I thought about my own family going through what they went through… my kids being forced to watch their parents die a tragic, horrifying death right before their eyes. I could see tears of pain streaming down their faces as they reached out for us in terror and helplessness.
I thought of how tragic it would be for their innocent little bodies to be so badly burned–to stumble through the streets with no food or water, and no one to care if they lived or died.
I saw the light in their eyes grow dim from the heartache of it all.
And then it hit me… their children were no less innocent than my own.
I was distraught that not only had my own country caused this death and destruction, but that up until that point in my life I had simply believed it was a “good thing” because it “ended the war”. At least, that’s what I’d always been taught to think. I bought into the notion that it was a “necessary evil” for the “greater good” (meaning it’s somehow ok to commit evil for the sake of good, or that the ends justify the means).
But are we really so sure we have God’s favor in deciding to take another man’s life, regardless of what he has or hasn’t done? I’m having a hard time finding that one in the new covenant of Christ…
“‘You have heard that it was said, ‘You shall love your neighbor and hate your enemy.’ But I say to you, Love your enemies and pray for those who persecute you…‘“
- Matthew 5:43-44 (ESV)
“Bless those who persecute you; bless and do not curse them. Rejoice with those who rejoice, weep with those who weep. Live in harmony with one another. Do not be haughty, but associate with the lowly. Never be wise in your own sight. Repay no one evil for evil, but give thought to do what is honorable in the sight of all. If possible, so far as it depends on you, live peaceably with all. Beloved, never avenge yourselves, but leave it to the wrath of God, for it is written, ‘Vengeance is mine, I will repay, says the Lord.’ To the contrary, ‘if your enemy is hungry, feed him; if he is thirsty, give him something to drink; for by so doing you will heap burning coals on his head.’ Do not be overcome by evil, but overcome evil with good.“
- Romans 12:14-21 (ESV)
Lately I’ve been coming to understand that the proper way to understand Scripture is to just take it at face-value. It seems that when God writes a Book, He says what He means and means what He says. Just because we have a hard time coming to grips with it in our human understanding, that doesn’t mean we should cast it aside altogether.
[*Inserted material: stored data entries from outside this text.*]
lemma L2_divide: "a \<in> L2 M \<Longrightarrow> (\<lambda>\<omega>. a \<omega> / c) \<in> L2 M"
  using L2_mult[of a M "inverse c"] by (simp add: field_simps)

lemma L2_max_0: "a \<in> L2 M \<Longrightarrow> (\<lambda>\<omega>. max 0 (a \<omega>)) \<in> L2 M"
  by (rule L2_dominated) (auto dest: L2_measurable)

lemma L2_abs: "z \<in> L2 M \<Longrightarrow> (\<lambda>\<omega>. \<bar>z \<omega>\<bar>) \<in> L2 M"
  by (rule L2_dominated) (auto intro: L2_measurable borel_measurable_abs)

lemma L2_min:
  assumes "a \<in> L2 M" "b \<in> L2 M"
  shows "(\<lambda>\<omega>. min (a \<omega>) (b \<omega>)) \<in> L2 M"
proof (rule L2_dominated)
  show "(\<lambda>\<omega>. \<bar>a \<omega>\<bar> + \<bar>b \<omega>\<bar>) \<in> L2 M"
    using assms by (intro L2_add L2_abs)
qed (use assms in \<open>auto intro: borel_measurable_min L2_measurable\<close>)

lemma L2norm_nonneg: "0 \<le> L2norm M z"
  by (simp add: L2norm_def)

lemma L2norm_square: "(L2norm M z)\<^sup>2 = (\<integral>\<omega>. (z \<omega>)\<^sup>2 \<partial>M)"
  by (simp add: L2norm_def)

lemma L2norm_eq_0_iff: "z \<in> L2 M \<Longrightarrow> L2norm M z = 0 \<longleftrightarrow> (AE \<omega> in M. z \<omega> = 0)"
  by (simp add: L2norm_def integral_nonneg_eq_0_iff_AE L2_integrable_square)

lemma L2norm_cong_AE:
  "a \<in> borel_measurable M \<Longrightarrow> b \<in> borel_measurable M \<Longrightarrow> AE \<omega> in M. a \<omega> = b \<omega>
    \<Longrightarrow> L2norm M a = L2norm M b"
  unfolding L2norm_def by (intro arg_cong[where f=sqrt] integral_cong_AE) auto

lemma L2norm_mono:
  assumes "b \<in> L2 M" "a \<in> borel_measurable M" "AE \<omega> in M. \<bar>a \<omega>\<bar> \<le> \<bar>b \<omega>\<bar>"
  shows "L2norm M a \<le> L2norm M b"
  unfolding L2norm_def
proof (intro real_sqrt_le_mono integral_mono_AE)
  show "integrable M (\<lambda>\<omega>. (a \<omega>)\<^sup>2)" "integrable M (\<lambda>\<omega>. (b \<omega>)\<^sup>2)"
    using assms L2_dominated by (auto intro: L2_integrable_square)
  show "AE \<omega> in M. (a \<omega>)\<^sup>2 \<le> (b \<omega>)\<^sup>2"
    using assms(3) by (simp add: abs_le_square_iff)
qed

lemma L2norm_mult: "L2norm M (\<lambda>\<omega>. c * z \<omega>) = \<bar>c\<bar> * L2norm M z"
  by (simp add: L2norm_def power_mult_distrib real_sqrt_mult)
lemma uvec_eq_uvec_fps_nth:
  assumes "j < k"
  shows "uvec k j c = real (stirling k (k - j)) / fact k * uvec_fps k j $ c"
proof -
  define g where
    "g m = (if m \<le> c then (-1) ^ m * real (j choose m) * real (descent_count (k - j) (c - m)) else 0)"
    for m
  have "real (eulerian (k - j) (int c - int m)) =
      (if m \<le> c then real (descent_count (k - j) (c - m)) else 0)" for m
    using assms eulerian_eq_descent_count[of "k - j" "c - m"] by (auto simp: eulerian_def)
  then have "(\<Sum>m=0..j. real (j choose m) * (-1) ^ m * real (eulerian (k - j) (int c - int m))) =
      (\<Sum>m=0..j. g m)"
    by (auto simp: g_def intro!: sum.cong)
  also have "\<dots> = (\<Sum>m=0..c + j. g m)"
    by (rule sum.mono_neutral_left) (auto simp: g_def binomial_eq_0)
  also have "\<dots> = (\<Sum>m=0..c. g m)"
    by (rule sum.mono_neutral_right) (auto simp: g_def)
  also have "\<dots> = uvec_fps k j $ c"
    by (simp add: uvec_fps_nth[OF assms] atLeast0AtMost g_def)
  finally show ?thesis
    by (simp add: uvec_def)
qed

lemma uvec_fps_nth_eq_truncated_power_sum:
  assumes "j < k"
  shows "uvec_fps k j $ c = truncated_power_sum 1 k (k - j) (Suc c) - truncated_power_sum 1 k (k - j) c"
proof -
  define Q where "Q = (1 - fps_X ^ 1) ^ k * (power_fps (k - j) :: real fps)"
  have "uvec_fps k j = (1 - fps_X) * Q"
    by (simp add: uvec_fps_def Q_def mult.assoc)
  then have "uvec_fps k j $ c = (fps_X * Q) $ Suc c - (fps_X * Q) $ c"
    by (simp only: fps_nth_one_minus_X_mult)
  then show ?thesis
    using assms unfolding Q_def by (simp only: fps_nth_eq_truncated_power_sum)
qed

lemma uvec_fps_mult_digit_fps_power:
  "uvec_fps k j * digit_fps N ^ k = (1 - fps_X) * ((1 - fps_X ^ N) ^ k * power_fps (k - j))"
proof -
  have "(1 - fps_X ^ N :: real fps) = (1 - fps_X) * digit_fps N"
    unfolding digit_fps_def by (rule one_diff_power_eq)
  then show ?thesis
    by (simp add: uvec_fps_def power_mult_distrib mult_ac)
qed

lemma uvec_left_eigen:
  assumes "N \<ge> 1" "j < k" "c' < k"
  shows "(\<Sum>c<k. uvec k j c * holteT k N c c') = uvec k j c' / real N ^ j"
proof -
  let ?e = "k - j" and ?s = "real (stirling k (k - j)) / fact k" and ?W = "truncated_power_sum"
  have "(\<Sum>c<k. uvec k j c * holteT k N c c') =
      ?s / real N ^ k * (\<Sum>c<k. uvec_fps k j $ c * real (holteH k N c c'))"
    by (simp add: uvec_eq_uvec_fps_nth[OF assms(2)] holteT_def sum_distrib_left mult_ac)
  also have "(\<Sum>c<k. uvec_fps k j $ c * real (holteH k N c c')) =
      (\<Sum>t\<in>{c' * N..<c' * N + N}. ((1 - fps_X) * ((1 - fps_X ^ N) ^ k * power_fps ?e)) $ t)"
    using sum_fps_nth_mult_holteH[OF assms(1,3)] uvec_fps_nth_eq_0[OF assms(2)]
    by (simp add: uvec_fps_mult_digit_fps_power)
  also have "\<dots> = ?W N k ?e (c' * N + N) - ?W N k ?e (c' * N)"
    using assms(2)
    by (simp only: sum_fps_nth_one_minus_X_mult[OF le_add1] fps_nth_eq_truncated_power_sum)
  also have "\<dots> = real N ^ ?e * (?W 1 k ?e (Suc c') - ?W 1 k ?e c')"
    using truncated_power_sum_mult[of N k ?e "Suc c'"] truncated_power_sum_mult[of N k ?e c']
    by (simp add: algebra_simps)
  also have "\<dots> = real N ^ ?e * uvec_fps k j $ c'"
    by (simp only: uvec_fps_nth_eq_truncated_power_sum[OF assms(2)])
  finally show ?thesis
    using assms by (simp add: uvec_eq_uvec_fps_nth power_diff)
qed

section \<open>Biorthogonality\<close>

lemma pochhammer_of_nat_plus_1: "pochhammer (of_nat m + 1 :: 'a::field_char_0) k = fact k * of_nat (m + k choose k)"
  by (simp add: binomial_gbinomial gbinomial_pochhammer')

lemma one_minus_X_pow_mult_binomial_fps:
  "(1 - fps_X) ^ Suc k * Abs_fps (\<lambda>m. of_nat (m + k choose k)) = (1 :: 'a::field_char_0 fps)"
proof -
  have "Suc k + m - 1 choose m = m + k choose k" for m
    using binomial_symmetric[of m "m + k"] by (simp add: add.commute)
  then have "inverse ((1 - fps_const 1 * fps_X) ^ Suc k) = Abs_fps (\<lambda>m. of_nat (m + k choose k) :: 'a)"
    using one_minus_const_fps_X_neg_power'[of "Suc k" 1] by simp
  then show ?thesis
    using inverse_mult_eq_1'[of "(1 - fps_X :: 'a fps) ^ Suc k"] by simp
qed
So how does one make the leap from “Vengeance is mine, I will repay, says the Lord” to “Take matters into your own hands and kill them before they kill you“?
I believe this happens when we put our faith in the wisdom of man instead of the wisdom of God. It’s an easy thing to do, because if we’re not fully engaged in the spiritual battle that is being waged over the souls of men, we lose sight of the fact that God has called us to something much greater than self-preservation. He has called us to live or die for His sake, making disciples of all nations and building His Heavenly Kingdom of which there is no end. What higher calling is there than that?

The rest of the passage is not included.